It could be argued, however, that no matter how one tries to justify it, this remains hypocritical. Let us take up the challenge and say:

1) We should recognise the right of Republika Srpska to secede from Bosnia - provided Republika Srpska recognises the right of its former Muslim- or Croat-majority areas to secede from it (with all those expelled and non-resident allowed to participate in the vote), and provided Serbia recognises the same right to Muslim-majority areas in the Sanjak and Hungarian-majority areas in Vojvodina;

2) We should recognise the right of the Bosnian-Croat-held areas to secede from Bosnia - provided Croatia recognises the right of its former Serb-majority areas to secede (again, with all those expelled and non-resident allowed to participate in the vote);

3) We should recognise the right of South Ossetia to secede from Georgia - provided Moscow recognises the right of North Ossetia to secede from Russia;

4) We should recognise the right of Abkhazia to secede from Georgia - provided Moscow recognises the right of all its autonomous republics in the Russian North Caucasus to secede.

I strongly suspect that once you insist that the strong be subjected to the same principles that they would like to impose upon the weak, then their own enthusiasm for these principles would vanish.

The right of nations to self-determination is an undeniably thorny issue, above all because there are so many areas where the rights of two or more nations overlap, and where it is difficult or impossible to grant the right to one nation without denying it to another nation - or even destroying the second nation altogether.

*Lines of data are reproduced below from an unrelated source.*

definition cut_triangle :: "real \<Rightarrow> (real \<times> real) set" where
  "cut_triangle c =
     {z. 0 \<le> snd z \<and> snd z \<le> fst z \<and> fst z \<le> 1 \<and> (fst z = 1 \<longrightarrow> c < snd z \<and> snd z < 1)}"

lemma cut_triangle_eq:
  "0 \<le> c \<Longrightarrow> cut_triangle c
     = convex hull {(1,1), (1,0), (0,0)} - ({(1,1)} \<union> closed_segment (1,0) (1,c))"
  unfolding cut_triangle_def convex_hull_standard_triangle closed_segment_vertical
    closed_segment_eq_real_ivl
  by (auto simp: prod_eq_iff)

lemma open_segment_top_eq:
  "0 \<le> c \<Longrightarrow> c < 1 \<Longrightarrow> open_segment (1,1) (1,c) = {z \<in> cut_triangle c. fst z = 1}"
  by (auto simp: cut_triangle_def open_segment_vertical open_segment_eq_real_ivl)

lemma triangle_shift_mem:
  assumes s: "0 < s" "s < 1" and z: "z \<in> cut_triangle 0"
  shows "triangle_shift s z \<in> cut_triangle s"
proof -
  obtain t u where tu: "z = (t, u)" "0 \<le> u" "u \<le> t" "t \<le> 1" "t = 1 \<Longrightarrow> 0 < u \<and> u < 1"
    using z by (cases z) (auto simp: cut_triangle_def)
  have "s < s + u*(1-s) \<and> s + u*(1-s) < 1" if "t = 1"
  proof -
    have "0 < u" "u < 1" using tu(5)[OF that] by auto
    then have "0 < u*(1-s)" "u*(1-s) < 1*(1-s)" using s by (auto intro: mult_strict_right_mono)
    then show ?thesis by simp
  qed
  then show ?thesis
    using slice_map_range[OF s tu(2-4)] tu slice_map_top
    by (auto simp: triangle_shift_def cut_triangle_def)
qed

lemma triangle_shift_inv_mem:
  assumes s: "0 < s" "s < 1" and z: "z \<in> cut_triangle s"
  shows "triangle_shift_inv s z \<in> cut_triangle 0"
proof -
  obtain t v where tv: "z = (t, v)" "0 \<le> v" "v \<le> t" "t \<le> 1" "t = 1 \<Longrightarrow> s < v \<and> v < 1"
    using z by (cases z) (auto simp: cut_triangle_def)
  have "0 < (v - s)/(1-s) \<and> (v - s)/(1-s) < 1" if "t = 1"
    using s tv(5)[OF that] by (simp add: divide_less_eq)
  then show ?thesis
    using slice_map_inv_range[OF s tv(2-4)] tv slice_map_inv_top s
    by (auto simp: triangle_shift_inv_def cut_triangle_def)
qed

lemma homeomorphism_triangle_shift:
  assumes s: "0 < s" "s < 1"
  shows "homeomorphism (cut_triangle 0) (cut_triangle s) (triangle_shift s) (triangle_shift_inv s)"
proof (rule homeomorphismI)
  show "continuous_on (cut_triangle 0) (triangle_shift s)"
    unfolding triangle_shift_def[abs_def] cut_triangle_def
    by (intro continuous_intros continuous_on_slice_map s) auto
  show "continuous_on (cut_triangle s) (triangle_shift_inv s)"
    unfolding triangle_shift_inv_def[abs_def] using s
    by (intro continuous_intros continuous_on_slice_map_inv) auto
  show "triangle_shift s ` cut_triangle 0 \<subseteq> cut_triangle s"
    using triangle_shift_mem[OF s] by blast
  show "triangle_shift_inv s ` cut_triangle s \<subseteq> cut_triangle 0"
    using triangle_shift_inv_mem[OF s] by blast
  show "triangle_shift_inv s (triangle_shift s z) = z" if "z \<in> cut_triangle 0" for z
    using that slice_map_inv_slice_map[OF s]
    by (auto simp: triangle_shift_def triangle_shift_inv_def cut_triangle_def)
  show "triangle_shift s (triangle_shift_inv s z) = z" if "z \<in> cut_triangle s" for z
    using that slice_map_slice_map_inv[OF s]
    by (auto simp: triangle_shift_def triangle_shift_inv_def cut_triangle_def)
qed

This is why, when considering how to apply the right, so many factors must be taken into account - rather as in the case of a judge or jury weighing up numerous factors in a court case. I would, however, suggest two general rules of thumb:

1) The right of self-determination, since it is a democratic right, cannot belong to nations that have achieved an artificial majority through ethnic cleansing, since the right belongs to the whole population of the territory in question - including those expelled;

2) The right of self-determination should not be used by larger, stronger nations that already enjoy independent statehood, to expand their borders at the expense of smaller, weaker ones whose state would be consequently destroyed. Thus, although I sympathise with the Albanian minority in Macedonia, given its history of oppression and discrimination, I would not support its right to secede and join Albania or Kosova - simply because there are already two Albanian states in existence, because the Macedonians are a much smaller people than the Albanians, and because Macedonia would be unlikely to survive such an act of secession.

If anyone responds by saying that I have imposed too many qualifications, I would reply that democratic rights are never perfect or absolute. I support freedom of speech and expression - but not to inciters of racial violence or distributors of child pornography. I support freedom of assembly - but not for uniformed, private armies. I support freedom of the press - but not the freedom of newspapers to practice libel.

National self-determination, furthermore, is inherently imperfect - however one draws the borders, there are always likely to be some members of a particular nationality who are stuck on the wrong side. The very concept of majority-rule implies that someone has to be in the minority. The problem with national self-determination is in fact a problem with democracy itself.

Most of the objections to the idea of a right of nations to self-determination are made by people positing hypothetical, extreme cases - such as the supposed danger of a Muslim-majority part of London seceding, or the possibility of a ‘Kosovo in the Galilee’. One could oppose just about any democratic principle by citing hypothetical, worst-case scenarios.

The secession of a Muslim-majority part of London ? That’s a risk I’m prepared to live with.

Monday, 3 March 2008 Posted by Marko Attila Hoare | Abkhazia, Balkans, Bosnia, Caucasus, Croatia, Former Soviet Union, Former Yugoslavia, Georgia, Kosovo, Russia, Serbia, South Ossetia, The Left, Transnistria | | No Comments

What is at stake in the struggle for Serbia ?

Italian Fascists marching on Rome, 1922

‘The list of countries refusing to recognise Kosovo’s sovereignty reads like a global A-Z of separatist strife.’ So says Reuters. Indeed, the division of the world, between states that are and states that are not recognising Kosova’s independence is very largely a division between the majority of democratic countries on the one hand, and those that either themselves fear ’separatist’ threats to their own territorial integrity, or that are politically hostile to the West. Russia falls into the second camp. Having itself promoted the separation of Abkhazia and South Ossetia from Georgia, and of Transnistria from Moldova, Russia cannot seriously be described as ‘fearing separatism’. Russian President Vladimir Putin has deliberately manufactured an international crisis over the Kosova issue with the express intention of disrupting the expansion of the EU and NATO and of splitting the ranks of their existing members. This has been openly stated by Moscow’s ambassador to NATO, Dmitry Rogozin, who has threatened force in the event that the EU adopts a common policy over Kosova: ‘If the EU works out a single position or if NATO steps beyond its mandate in Kosovo, these organizations will be in conflict with the U.N., and then I think we will also begin operating under the assumption that in order to be respected, one needs to use force.’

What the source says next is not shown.